The GPT-4o Voice App is Mind-blowing! Is Siri AI Coming ?!

Better Creating
17 May 202410:59

TLDRThe video discusses the impressive voice conversation feature in the chat GPT iOS app, which offers a natural and intuitive AI assistant experience. Open AI's new GPT 4 model is highlighted for combining vision, text, and audio, enhancing conversational abilities. The script also speculates on Apple's potential advancements in AI with Siri, suggesting that Siri might integrate with apps, recognize user intent, and become more interactive with the help of generative AI models like chat GPT. The host also promotes for learning about AI and other technologies to stay ahead in the AI race.

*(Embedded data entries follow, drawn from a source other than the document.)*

text \<open>
  The first claim is a direct computation: on the constant history
  \<open>f\<^sub>\<delta>(\<phi>\<^sub>0) = A\<close>, and \<open>A\<close> is chosen so that \<open>A \<integral>\<^sub>\<tau>\<^sub>0\<^sup>\<tau> exp(-\<gamma>(a - \<tau>\<^sub>0)) da = \<phi>\<^sub>0 + \<epsilon>\<close>.
  For the second claim we follow the solution over \<open>[0,\<tau>]\<close>.  On \<open>[0,\<tau>\<^sub>0]\<close> both delayed
  arguments lie in the history, and \<open>u\<close> relaxes explicitly from \<open>\<phi>\<^sub>0\<close> towards \<open>\<phi>\<^sub>0 + \<epsilon>\<close>.
  On \<open>[\<tau>\<^sub>0,\<tau>]\<close> only the longer delay sees the history, so \<open>u + Q\<close> solves a linear
  relaxation equation forced by \<open>F(t) = f\<^sub>\<delta>(u(t - \<tau>\<^sub>0)) \<ge> 0\<close>; hence \<open>v \<le> u \<le> v + \<integral> F\<close> for the
  free decay \<open>v\<close>, which ends at \<open>v(\<tau>) = -\<theta> < 0\<close>.  It remains to show \<open>\<integral> F < \<theta>\<close> for small
  \<open>\<delta>\<close>.  The Gaussian is large only near \<open>\<phi>\<^sub>0\<close>, and \<open>u\<close> comes close to \<open>\<phi>\<^sub>0\<close> only in an
  initial layer \<open>[0,s\<^sub>1]\<close> and in a window around the time \<open>c\<close> where \<open>v\<close> crosses \<open>\<phi>\<^sub>0\<close>;
  elsewhere it keeps a distance \<open>\<mu>\<close>, so \<open>f\<^sub>\<delta>(u) \<le> A exp(-\<mu>\<^sup>2/\<delta>)\<close>.  After the crossing this
  separation itself depends on the forcing at earlier times, so it is proved by the method
  of steps with lag \<open>\<tau>\<^sub>0\<close>.
\<close>

section \<open>General facts about linear relaxation equations\<close>

text \<open>Variation of constants for \<open>y' = -\<gamma> y + g\<close>: the function
  \<open>exp(\<gamma> x) y(x) - \<integral>\<^sub>a\<^sup>x exp(\<gamma> r) g(r) dr\<close> has derivative zero, hence is constant.\<close>
lemma variation_of_constants:
  fixes y g :: "real \<Rightarrow> real" and \<gamma> a t :: real
  assumes "a \<le> t" and y_cont: "continuous_on {a..t} y" and g_cont: "continuous_on {a..t} g"
    and y_deriv: "\<And>x. a < x \<Longrightarrow> x < t \<Longrightarrow> (y has_real_derivative - \<gamma> * y x + g x) (at x)"
  shows "exp (\<gamma> * t) * y t = exp (\<gamma> * a) * y a + integral {a..t} (\<lambda>r. exp (\<gamma> * r) * g r)"
proof (cases "a = t")
  case False
  then have "a < t" using assms(1) by simp
  define h where "h r = exp (\<gamma> * r) * g r" for r
  define q where "q x = exp (\<gamma> * x) * y x - integral {a..x} h" for x
  have h_cont: "continuous_on {a..t} h"
    unfolding h_def by (intro continuous_intros g_cont)
  have q_cont: "continuous_on {a..t} q"
    unfolding q_def
    by (intro continuous_intros y_cont indefinite_integral_continuous_1
        integrable_continuous_interval h_cont)
  have q_deriv: "(q has_real_derivative 0) (at x)" if x: "a < x" "x < t" for x
  proof -
    have "((\<lambda>x. integral {a..x} h) has_real_derivative h x) (at x within {a<..<t})"
      using integral_has_real_derivative[OF h_cont, of x] x
      by (auto intro: DERIV_subset)
    then have int_deriv: "((\<lambda>x. integral {a..x} h) has_real_derivative h x) (at x)"
      using at_within_open[of x "{a<..<t}"] x by simp
    have exp_deriv: "((\<lambda>x. exp (\<gamma> * x)) has_real_derivative \<gamma> * exp (\<gamma> * x)) (at x)"
      by (auto intro!: derivative_eq_intros)
    have "(q has_real_derivative
        \<gamma> * exp (\<gamma> * x) * y x + (- \<gamma> * y x + g x) * exp (\<gamma> * x) - h x) (at x)"
      unfolding q_def by (rule DERIV_diff[OF DERIV_mult[OF exp_deriv y_deriv[OF x]] int_deriv])
    moreover have "\<gamma> * exp (\<gamma> * x) * y x + (- \<gamma> * y x + g x) * exp (\<gamma> * x) - h x = 0"
      by (simp add: h_def algebra_simps)
    ultimately show ?thesis by simp
  qed
  have "q t = q a"
    by (rule DERIV_isconst2[OF \<open>a < t\<close> q_cont q_deriv]) (use \<open>a < t\<close> in auto)
  then show ?thesis unfolding q_def h_def by simp
qed simp
locale sym_crossing = crossing +
  assumes conn_sym: "conn g a b \<Longrightarrow> conn g b a"
begin

text \<open>Reversing P2 and C2 - P2 exchanges the roles of A and B, so for each family it suffices to
  give a criterion for choosing P1 = B.\<close>
lemma swap: "sym_crossing conn tail head E C1 C2 P2 y x B A"
proof -
  have "crossing conn tail head E C1 C2 P2 y x B A"
    using C1 C2 is_path_reverse[OF conn_sym P2] P2_sub P2_C1 verts_P2_C1 A B AB_disj AB_C1
      is_path_reverse[OF conn_sym R] is_path_reverse[OF conn_sym A] is_path_reverse[OF conn_sym B]
    by unfold_locales auto
  then show ?thesis by (intro sym_crossing.intro sym_crossing_axioms.intro) (auto intro: conn_sym)
qed

lemma uncrosses_all_either:
  "uncrosses (cycles_all conn E) C1 A C2 P2 \<or> uncrosses (cycles_all conn E) C1 B C2 P2"
proof -
  interpret swapped: sym_crossing conn tail head E C1 C2 P2 y x B A by (rule swap)
  have "A \<noteq> B" using AB_disj is_path_nonempty[OF A] by auto
  then obtain z where "z \<in> A - (C2 - P2) \<or> z \<in> (C2 - P2) - A \<or> z \<in> B - (C2 - P2) \<or> z \<in> (C2 - P2) - B"
    by blast
  then show ?thesis using uncrosses_all swapped.uncrosses_all by blast
qed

  • 😲 The GPT-4o Voice App has a voice conversation option that is incredibly natural and intuitive, providing a Star Trek-like AI assistant experience.
  • 🚀 Open AI has released GPT 4, which combines vision, text, and audio for the first time, significantly improving conversational AI.
  • 🗣️ The new voice mode in GPT 4 is natively integrated, offering faster response times and supporting 50 languages.
  • 📈 GPT 4's updates include features like Vision, system memory for conversation continuity, and the ability to browse and search within conversations.
  • 🎙️ The voice model in GPT 4 can now pick up on emotions in your voice and respond accordingly, enhancing the human-like interaction.
  • 📈 Major players in the multimodal language model space include Open AI, Google, and Facebook, all working to improve AI's understanding and response capabilities.
  • 📱 The AI race might already be won on smartphones, with personal assistant devices like the rabbit R1 and the Humane AI pin receiving mixed reviews.
  • 🔍 Chat GPT can perform quick research and provide recommendations, such as suggesting places to visit for breathtaking views.
  • 📊 Chat GPT can analyze data, such as a plot displaying temperatures, and provide insights based on the visual information presented.
  • 🍎 Apple's AI department is rumored to be working on a Siri generative AI assistant for 2024, potentially transforming Siri's capabilities.
  • 📚 is highlighted as a way to invest in one's intelligence and stay ahead in the AI race, offering interactive lessons on subjects like AI and computer science.

Q & A

  • What is the main topic discussed in the video?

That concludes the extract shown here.